About this exercise. If a line of the records contains the string "cases", copy it out.

Material shown.
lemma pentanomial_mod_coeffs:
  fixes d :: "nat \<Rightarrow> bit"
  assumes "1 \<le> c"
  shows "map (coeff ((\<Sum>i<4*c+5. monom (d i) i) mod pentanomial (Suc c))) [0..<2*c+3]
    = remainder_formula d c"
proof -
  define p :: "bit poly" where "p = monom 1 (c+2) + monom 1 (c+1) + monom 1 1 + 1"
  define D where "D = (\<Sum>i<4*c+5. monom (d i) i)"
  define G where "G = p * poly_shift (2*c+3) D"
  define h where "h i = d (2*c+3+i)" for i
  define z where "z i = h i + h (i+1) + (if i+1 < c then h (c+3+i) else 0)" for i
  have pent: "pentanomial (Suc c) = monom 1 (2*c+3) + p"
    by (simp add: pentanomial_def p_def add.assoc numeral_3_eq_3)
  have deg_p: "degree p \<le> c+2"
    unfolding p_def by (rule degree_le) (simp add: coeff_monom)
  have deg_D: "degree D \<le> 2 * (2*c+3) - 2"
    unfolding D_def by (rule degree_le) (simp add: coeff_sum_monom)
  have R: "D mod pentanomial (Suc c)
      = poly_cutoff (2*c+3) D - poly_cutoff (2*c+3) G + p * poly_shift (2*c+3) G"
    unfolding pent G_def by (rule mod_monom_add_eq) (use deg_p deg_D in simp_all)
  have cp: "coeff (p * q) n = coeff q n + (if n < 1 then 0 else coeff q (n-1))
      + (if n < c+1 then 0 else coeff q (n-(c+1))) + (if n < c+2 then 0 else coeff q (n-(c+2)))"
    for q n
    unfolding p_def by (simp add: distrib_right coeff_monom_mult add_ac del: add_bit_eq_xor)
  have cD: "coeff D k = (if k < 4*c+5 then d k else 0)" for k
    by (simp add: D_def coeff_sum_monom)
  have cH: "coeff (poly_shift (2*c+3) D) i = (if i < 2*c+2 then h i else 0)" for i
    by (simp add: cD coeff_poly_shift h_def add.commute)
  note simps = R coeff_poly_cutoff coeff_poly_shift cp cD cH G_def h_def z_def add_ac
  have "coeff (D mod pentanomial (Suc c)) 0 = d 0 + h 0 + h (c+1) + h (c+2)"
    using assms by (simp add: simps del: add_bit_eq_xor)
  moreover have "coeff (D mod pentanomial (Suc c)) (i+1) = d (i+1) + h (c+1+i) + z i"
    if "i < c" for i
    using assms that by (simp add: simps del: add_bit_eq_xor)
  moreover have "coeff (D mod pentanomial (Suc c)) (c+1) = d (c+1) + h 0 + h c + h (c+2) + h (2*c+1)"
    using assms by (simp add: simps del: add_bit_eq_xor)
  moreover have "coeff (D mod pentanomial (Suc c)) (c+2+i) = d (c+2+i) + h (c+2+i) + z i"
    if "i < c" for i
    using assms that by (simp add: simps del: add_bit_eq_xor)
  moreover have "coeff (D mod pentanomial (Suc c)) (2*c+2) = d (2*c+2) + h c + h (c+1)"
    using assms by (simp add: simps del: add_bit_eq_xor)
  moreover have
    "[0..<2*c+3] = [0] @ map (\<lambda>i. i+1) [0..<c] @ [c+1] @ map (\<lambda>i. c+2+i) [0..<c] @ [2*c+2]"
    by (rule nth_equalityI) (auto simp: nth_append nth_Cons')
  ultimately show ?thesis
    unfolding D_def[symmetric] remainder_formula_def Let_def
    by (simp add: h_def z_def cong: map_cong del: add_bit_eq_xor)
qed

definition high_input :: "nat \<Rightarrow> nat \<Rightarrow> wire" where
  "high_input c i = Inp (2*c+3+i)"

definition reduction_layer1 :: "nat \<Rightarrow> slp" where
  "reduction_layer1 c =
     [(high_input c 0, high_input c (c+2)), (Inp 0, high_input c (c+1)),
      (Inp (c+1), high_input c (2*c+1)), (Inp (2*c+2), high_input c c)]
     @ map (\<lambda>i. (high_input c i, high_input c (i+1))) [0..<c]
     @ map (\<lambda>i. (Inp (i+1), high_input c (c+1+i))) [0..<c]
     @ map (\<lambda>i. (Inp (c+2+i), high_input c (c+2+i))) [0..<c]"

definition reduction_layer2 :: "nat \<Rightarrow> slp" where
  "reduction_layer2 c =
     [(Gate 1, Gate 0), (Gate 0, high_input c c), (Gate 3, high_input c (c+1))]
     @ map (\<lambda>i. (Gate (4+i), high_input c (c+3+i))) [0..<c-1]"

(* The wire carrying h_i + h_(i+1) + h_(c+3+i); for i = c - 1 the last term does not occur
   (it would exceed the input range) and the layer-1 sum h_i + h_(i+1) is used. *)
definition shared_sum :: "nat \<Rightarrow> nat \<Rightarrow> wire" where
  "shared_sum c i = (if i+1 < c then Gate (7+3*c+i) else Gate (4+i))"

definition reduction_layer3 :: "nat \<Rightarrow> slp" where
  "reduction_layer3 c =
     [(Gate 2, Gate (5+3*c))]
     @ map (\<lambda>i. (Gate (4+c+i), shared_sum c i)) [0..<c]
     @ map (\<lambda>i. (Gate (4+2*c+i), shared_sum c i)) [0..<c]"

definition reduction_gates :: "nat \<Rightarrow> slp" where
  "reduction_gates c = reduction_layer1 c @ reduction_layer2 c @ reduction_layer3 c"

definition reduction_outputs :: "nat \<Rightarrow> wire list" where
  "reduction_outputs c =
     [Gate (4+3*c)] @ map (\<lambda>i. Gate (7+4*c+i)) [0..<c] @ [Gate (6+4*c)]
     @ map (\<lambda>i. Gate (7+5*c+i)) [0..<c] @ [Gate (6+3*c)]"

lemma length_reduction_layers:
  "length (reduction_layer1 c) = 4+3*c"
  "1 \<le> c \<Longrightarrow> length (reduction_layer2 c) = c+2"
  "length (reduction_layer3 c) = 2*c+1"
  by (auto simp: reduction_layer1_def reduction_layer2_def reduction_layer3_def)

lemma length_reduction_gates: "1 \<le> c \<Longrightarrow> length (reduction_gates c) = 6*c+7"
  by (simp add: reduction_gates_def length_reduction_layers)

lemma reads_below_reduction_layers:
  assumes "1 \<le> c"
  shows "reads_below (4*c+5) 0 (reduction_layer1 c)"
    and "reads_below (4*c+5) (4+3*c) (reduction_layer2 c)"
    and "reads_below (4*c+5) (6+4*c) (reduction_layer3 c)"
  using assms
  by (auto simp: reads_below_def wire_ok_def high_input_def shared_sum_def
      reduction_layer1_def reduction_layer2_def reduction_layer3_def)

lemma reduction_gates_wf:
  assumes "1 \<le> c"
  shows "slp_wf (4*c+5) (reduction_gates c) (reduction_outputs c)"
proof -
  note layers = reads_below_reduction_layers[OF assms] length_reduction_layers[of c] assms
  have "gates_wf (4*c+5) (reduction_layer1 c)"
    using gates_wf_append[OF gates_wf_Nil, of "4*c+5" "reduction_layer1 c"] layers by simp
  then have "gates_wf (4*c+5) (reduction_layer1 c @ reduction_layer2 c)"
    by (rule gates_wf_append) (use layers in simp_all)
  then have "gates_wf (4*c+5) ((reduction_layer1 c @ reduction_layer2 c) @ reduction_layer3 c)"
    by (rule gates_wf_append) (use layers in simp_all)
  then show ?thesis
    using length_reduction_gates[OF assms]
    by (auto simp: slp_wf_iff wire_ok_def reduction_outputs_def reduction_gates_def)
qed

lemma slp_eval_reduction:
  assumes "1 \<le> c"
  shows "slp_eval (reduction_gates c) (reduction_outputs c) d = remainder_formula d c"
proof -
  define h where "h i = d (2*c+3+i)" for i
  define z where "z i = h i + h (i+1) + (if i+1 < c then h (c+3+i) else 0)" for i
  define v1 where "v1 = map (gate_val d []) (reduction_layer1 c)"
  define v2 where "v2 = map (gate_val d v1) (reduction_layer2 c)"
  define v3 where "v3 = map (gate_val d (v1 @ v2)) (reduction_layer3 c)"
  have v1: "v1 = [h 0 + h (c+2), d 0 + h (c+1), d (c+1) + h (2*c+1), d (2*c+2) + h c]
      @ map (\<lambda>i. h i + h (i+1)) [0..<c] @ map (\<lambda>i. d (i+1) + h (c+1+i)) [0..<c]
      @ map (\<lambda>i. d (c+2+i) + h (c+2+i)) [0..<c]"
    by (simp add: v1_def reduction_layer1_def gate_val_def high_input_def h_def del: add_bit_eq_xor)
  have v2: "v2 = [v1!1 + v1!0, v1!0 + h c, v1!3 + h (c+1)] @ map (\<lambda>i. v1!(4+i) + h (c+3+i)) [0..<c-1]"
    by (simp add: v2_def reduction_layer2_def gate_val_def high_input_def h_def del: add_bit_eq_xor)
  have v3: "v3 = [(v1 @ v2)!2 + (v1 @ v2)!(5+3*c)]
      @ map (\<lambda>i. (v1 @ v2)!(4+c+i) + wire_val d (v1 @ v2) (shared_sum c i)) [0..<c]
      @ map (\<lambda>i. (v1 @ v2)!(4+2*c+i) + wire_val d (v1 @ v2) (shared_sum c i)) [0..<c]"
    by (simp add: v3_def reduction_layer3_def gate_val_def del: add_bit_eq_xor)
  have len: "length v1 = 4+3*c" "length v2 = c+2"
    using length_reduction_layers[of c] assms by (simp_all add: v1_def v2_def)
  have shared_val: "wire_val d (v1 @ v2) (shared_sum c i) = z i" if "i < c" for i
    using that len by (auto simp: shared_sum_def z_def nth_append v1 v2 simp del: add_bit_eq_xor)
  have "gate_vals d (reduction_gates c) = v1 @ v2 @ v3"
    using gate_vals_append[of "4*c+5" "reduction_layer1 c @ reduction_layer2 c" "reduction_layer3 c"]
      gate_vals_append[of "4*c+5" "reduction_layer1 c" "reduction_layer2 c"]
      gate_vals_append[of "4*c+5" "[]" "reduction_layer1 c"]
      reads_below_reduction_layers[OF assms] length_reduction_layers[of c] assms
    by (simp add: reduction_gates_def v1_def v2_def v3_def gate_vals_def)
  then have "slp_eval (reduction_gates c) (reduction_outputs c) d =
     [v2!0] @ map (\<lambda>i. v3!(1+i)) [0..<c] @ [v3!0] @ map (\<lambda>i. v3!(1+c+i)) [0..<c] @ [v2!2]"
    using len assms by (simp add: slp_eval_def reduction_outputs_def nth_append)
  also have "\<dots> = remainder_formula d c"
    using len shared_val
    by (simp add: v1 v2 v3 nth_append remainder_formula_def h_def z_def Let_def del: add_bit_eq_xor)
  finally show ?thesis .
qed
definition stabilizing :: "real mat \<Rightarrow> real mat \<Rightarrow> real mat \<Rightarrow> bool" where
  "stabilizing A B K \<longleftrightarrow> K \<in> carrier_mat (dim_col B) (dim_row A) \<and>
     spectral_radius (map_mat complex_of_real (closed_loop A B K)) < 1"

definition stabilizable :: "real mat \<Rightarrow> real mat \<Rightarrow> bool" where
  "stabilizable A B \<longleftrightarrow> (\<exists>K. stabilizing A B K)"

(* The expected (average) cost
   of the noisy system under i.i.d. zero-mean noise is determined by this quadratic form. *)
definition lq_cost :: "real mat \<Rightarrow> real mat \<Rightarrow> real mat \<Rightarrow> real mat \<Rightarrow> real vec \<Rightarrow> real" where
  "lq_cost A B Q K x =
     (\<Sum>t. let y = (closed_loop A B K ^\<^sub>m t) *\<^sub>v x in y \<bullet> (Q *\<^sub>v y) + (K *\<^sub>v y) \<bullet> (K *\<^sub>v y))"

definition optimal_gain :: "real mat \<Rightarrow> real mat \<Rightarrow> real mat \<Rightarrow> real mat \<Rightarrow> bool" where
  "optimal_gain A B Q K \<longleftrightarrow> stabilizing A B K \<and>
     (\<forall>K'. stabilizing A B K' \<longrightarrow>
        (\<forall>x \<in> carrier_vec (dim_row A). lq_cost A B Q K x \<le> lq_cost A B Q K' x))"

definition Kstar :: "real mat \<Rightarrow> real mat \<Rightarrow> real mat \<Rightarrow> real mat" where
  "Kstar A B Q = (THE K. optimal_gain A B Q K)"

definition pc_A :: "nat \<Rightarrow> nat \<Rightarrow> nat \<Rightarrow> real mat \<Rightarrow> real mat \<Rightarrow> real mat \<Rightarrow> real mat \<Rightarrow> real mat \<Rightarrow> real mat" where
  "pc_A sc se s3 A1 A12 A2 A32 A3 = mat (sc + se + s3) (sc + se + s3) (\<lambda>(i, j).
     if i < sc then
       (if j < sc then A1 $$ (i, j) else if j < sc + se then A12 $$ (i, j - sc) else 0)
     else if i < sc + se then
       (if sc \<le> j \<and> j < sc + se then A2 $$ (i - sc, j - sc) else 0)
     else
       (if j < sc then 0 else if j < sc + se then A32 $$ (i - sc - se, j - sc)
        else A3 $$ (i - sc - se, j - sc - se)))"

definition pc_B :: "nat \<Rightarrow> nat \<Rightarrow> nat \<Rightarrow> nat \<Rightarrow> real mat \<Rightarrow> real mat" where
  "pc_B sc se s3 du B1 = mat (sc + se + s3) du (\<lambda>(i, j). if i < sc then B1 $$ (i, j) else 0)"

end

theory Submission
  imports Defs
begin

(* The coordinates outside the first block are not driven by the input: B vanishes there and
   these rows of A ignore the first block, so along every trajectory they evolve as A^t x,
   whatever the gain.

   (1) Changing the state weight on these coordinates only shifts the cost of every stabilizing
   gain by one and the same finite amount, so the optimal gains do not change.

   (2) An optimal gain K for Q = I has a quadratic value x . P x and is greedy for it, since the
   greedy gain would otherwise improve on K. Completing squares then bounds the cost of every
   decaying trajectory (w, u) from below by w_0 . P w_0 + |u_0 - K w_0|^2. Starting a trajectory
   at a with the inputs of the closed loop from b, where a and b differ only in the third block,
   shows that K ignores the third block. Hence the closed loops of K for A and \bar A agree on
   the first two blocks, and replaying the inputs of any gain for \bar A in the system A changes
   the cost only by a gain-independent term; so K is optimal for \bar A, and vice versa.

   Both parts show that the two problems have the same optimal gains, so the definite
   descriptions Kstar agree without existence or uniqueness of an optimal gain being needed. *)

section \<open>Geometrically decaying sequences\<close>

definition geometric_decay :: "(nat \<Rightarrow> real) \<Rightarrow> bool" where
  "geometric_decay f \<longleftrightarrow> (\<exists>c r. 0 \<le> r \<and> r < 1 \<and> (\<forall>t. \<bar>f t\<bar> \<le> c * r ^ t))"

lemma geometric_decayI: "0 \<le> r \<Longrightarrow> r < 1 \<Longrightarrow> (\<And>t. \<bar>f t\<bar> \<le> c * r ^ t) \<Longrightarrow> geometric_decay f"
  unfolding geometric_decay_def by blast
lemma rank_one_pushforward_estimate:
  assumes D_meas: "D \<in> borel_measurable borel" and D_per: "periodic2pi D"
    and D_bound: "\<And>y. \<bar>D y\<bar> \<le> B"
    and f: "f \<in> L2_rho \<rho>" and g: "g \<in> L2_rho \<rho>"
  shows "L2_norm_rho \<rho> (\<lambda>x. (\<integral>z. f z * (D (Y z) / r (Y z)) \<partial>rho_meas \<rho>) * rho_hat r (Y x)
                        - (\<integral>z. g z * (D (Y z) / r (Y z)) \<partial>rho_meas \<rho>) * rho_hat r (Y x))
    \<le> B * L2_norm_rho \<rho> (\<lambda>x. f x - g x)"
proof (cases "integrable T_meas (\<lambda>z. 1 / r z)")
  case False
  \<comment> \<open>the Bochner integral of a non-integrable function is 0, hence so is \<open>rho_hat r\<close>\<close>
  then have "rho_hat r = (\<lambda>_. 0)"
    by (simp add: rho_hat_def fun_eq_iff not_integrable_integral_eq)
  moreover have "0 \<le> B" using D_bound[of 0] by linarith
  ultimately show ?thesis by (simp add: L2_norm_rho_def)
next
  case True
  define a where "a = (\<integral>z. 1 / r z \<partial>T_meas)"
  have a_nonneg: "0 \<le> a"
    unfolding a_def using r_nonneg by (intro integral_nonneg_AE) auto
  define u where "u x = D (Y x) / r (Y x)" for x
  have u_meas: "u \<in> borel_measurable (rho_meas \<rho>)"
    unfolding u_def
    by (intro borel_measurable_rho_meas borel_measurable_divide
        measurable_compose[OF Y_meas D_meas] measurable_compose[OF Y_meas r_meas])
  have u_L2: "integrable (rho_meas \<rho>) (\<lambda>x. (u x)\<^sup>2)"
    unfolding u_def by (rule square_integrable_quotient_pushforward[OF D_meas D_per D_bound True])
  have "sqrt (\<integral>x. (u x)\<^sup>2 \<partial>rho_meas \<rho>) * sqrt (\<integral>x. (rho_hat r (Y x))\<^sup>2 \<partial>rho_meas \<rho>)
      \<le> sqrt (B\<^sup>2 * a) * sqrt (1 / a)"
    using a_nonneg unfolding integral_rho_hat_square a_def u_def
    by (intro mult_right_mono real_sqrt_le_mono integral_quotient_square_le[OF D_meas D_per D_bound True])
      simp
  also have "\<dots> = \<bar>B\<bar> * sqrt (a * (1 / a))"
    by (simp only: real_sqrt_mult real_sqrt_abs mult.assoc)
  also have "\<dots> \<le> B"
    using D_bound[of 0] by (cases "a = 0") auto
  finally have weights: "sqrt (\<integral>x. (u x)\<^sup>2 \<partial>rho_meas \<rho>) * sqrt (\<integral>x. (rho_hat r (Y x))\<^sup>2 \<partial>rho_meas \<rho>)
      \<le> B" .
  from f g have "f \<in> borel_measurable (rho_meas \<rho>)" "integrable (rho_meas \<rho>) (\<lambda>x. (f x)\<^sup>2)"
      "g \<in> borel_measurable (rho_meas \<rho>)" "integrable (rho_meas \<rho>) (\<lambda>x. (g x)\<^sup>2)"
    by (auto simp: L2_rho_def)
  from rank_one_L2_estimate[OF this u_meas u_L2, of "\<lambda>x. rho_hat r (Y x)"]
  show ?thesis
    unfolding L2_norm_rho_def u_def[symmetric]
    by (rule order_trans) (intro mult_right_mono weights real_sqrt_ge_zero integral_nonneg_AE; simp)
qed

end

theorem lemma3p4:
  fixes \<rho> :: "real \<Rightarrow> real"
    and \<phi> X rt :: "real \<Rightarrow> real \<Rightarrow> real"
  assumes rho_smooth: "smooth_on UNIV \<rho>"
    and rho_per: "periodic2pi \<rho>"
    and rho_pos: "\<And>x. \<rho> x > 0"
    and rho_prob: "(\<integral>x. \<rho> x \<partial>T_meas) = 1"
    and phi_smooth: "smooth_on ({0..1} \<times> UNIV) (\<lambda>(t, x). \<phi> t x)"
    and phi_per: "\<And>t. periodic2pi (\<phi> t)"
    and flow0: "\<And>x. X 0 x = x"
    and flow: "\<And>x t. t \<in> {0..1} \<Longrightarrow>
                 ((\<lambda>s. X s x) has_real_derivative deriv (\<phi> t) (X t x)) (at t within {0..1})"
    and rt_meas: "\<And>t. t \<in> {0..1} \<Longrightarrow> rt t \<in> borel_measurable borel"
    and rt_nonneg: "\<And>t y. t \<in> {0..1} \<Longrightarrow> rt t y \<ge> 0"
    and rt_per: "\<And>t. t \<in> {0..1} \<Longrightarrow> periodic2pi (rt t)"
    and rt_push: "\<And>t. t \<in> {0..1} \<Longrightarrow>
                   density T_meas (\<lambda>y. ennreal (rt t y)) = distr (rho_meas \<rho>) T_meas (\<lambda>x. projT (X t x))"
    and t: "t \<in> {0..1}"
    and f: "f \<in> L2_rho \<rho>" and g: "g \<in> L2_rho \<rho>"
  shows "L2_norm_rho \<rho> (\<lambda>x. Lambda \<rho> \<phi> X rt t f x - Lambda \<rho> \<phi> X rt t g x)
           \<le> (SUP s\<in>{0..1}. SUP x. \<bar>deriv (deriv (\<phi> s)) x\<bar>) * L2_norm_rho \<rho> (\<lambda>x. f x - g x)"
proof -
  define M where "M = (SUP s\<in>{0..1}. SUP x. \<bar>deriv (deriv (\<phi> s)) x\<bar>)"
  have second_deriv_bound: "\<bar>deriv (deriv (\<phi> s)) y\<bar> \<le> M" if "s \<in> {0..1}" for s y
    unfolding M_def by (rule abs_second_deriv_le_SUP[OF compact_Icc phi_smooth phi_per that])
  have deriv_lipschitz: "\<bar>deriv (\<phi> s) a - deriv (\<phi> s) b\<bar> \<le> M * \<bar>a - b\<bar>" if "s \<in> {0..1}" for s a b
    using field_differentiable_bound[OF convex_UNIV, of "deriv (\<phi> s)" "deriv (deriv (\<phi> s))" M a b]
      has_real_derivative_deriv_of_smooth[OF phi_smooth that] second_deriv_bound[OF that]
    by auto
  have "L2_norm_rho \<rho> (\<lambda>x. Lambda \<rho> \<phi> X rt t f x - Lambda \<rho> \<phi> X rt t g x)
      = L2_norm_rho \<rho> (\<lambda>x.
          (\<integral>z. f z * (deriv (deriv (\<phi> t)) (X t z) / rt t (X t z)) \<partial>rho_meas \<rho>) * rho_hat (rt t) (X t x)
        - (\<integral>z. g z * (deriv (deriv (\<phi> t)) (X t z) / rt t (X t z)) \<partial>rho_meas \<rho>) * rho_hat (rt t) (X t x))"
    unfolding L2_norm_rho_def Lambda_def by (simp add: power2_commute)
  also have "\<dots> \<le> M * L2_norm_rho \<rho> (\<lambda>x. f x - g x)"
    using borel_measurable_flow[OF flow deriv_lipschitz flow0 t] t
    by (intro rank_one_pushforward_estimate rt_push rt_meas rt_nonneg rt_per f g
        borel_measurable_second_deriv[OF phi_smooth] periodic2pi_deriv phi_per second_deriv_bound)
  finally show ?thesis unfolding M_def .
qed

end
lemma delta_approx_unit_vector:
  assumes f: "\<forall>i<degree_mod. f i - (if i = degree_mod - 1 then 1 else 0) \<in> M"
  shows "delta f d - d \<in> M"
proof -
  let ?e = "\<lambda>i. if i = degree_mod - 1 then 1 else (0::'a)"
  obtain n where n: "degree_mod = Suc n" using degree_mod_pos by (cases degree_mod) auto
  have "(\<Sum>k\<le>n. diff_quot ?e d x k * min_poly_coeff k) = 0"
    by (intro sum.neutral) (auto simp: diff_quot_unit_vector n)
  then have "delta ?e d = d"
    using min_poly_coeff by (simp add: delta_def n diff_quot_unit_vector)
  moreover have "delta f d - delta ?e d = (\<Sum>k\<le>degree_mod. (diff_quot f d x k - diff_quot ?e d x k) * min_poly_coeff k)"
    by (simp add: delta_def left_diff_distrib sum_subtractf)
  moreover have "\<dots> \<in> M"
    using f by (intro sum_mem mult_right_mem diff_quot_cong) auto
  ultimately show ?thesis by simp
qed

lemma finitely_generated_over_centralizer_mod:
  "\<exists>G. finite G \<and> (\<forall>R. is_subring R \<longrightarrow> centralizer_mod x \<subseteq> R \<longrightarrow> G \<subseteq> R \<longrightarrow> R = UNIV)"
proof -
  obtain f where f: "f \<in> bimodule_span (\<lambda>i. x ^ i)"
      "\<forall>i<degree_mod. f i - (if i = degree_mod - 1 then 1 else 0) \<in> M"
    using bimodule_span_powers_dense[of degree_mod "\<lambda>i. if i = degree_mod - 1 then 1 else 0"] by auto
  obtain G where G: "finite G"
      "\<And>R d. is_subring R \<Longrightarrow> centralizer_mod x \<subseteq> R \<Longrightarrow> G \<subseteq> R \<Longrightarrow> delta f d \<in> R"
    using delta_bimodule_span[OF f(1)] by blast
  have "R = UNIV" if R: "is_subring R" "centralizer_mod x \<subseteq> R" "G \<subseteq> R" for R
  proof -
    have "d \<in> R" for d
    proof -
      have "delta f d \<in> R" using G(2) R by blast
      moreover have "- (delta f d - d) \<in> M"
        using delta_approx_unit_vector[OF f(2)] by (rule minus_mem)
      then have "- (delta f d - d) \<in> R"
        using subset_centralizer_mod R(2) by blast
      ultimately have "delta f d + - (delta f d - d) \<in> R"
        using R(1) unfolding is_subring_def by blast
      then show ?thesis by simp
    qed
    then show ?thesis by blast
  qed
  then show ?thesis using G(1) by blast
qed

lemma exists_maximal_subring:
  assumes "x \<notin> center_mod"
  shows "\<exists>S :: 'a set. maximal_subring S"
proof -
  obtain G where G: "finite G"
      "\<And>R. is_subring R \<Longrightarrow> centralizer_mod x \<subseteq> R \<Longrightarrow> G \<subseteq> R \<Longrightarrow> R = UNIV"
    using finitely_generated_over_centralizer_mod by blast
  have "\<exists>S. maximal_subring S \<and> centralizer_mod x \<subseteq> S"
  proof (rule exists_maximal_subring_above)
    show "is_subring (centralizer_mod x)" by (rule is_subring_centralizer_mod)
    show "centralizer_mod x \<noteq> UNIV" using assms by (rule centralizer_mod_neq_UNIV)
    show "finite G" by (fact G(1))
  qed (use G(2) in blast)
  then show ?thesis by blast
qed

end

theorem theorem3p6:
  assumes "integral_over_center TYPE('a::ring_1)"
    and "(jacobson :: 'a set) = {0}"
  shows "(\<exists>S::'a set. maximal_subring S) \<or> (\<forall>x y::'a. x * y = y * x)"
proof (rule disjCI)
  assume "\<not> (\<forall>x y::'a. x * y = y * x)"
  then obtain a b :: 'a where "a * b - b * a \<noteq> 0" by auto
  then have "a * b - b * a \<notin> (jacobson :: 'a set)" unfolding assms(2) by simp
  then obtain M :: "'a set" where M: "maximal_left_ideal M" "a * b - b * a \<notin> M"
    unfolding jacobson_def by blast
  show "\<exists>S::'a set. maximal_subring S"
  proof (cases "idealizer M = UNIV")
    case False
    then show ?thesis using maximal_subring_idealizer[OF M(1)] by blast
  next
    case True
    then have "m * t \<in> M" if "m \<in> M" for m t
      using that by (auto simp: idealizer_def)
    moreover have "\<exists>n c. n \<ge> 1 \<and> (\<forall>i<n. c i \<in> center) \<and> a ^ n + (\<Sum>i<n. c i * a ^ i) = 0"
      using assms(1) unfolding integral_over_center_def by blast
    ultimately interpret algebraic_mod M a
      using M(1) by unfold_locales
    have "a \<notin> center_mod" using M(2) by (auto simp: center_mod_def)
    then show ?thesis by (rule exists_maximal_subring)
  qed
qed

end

Exercise response.
proof (cases "integrable T_meas (\<lambda>z. 1 / r z)")
    using D_bound[of 0] by (cases "a = 0") auto
  obtain n where n: "degree_mod = Suc n" using degree_mod_pos by (cases degree_mod) auto
  proof (cases "idealizer M = UNIV")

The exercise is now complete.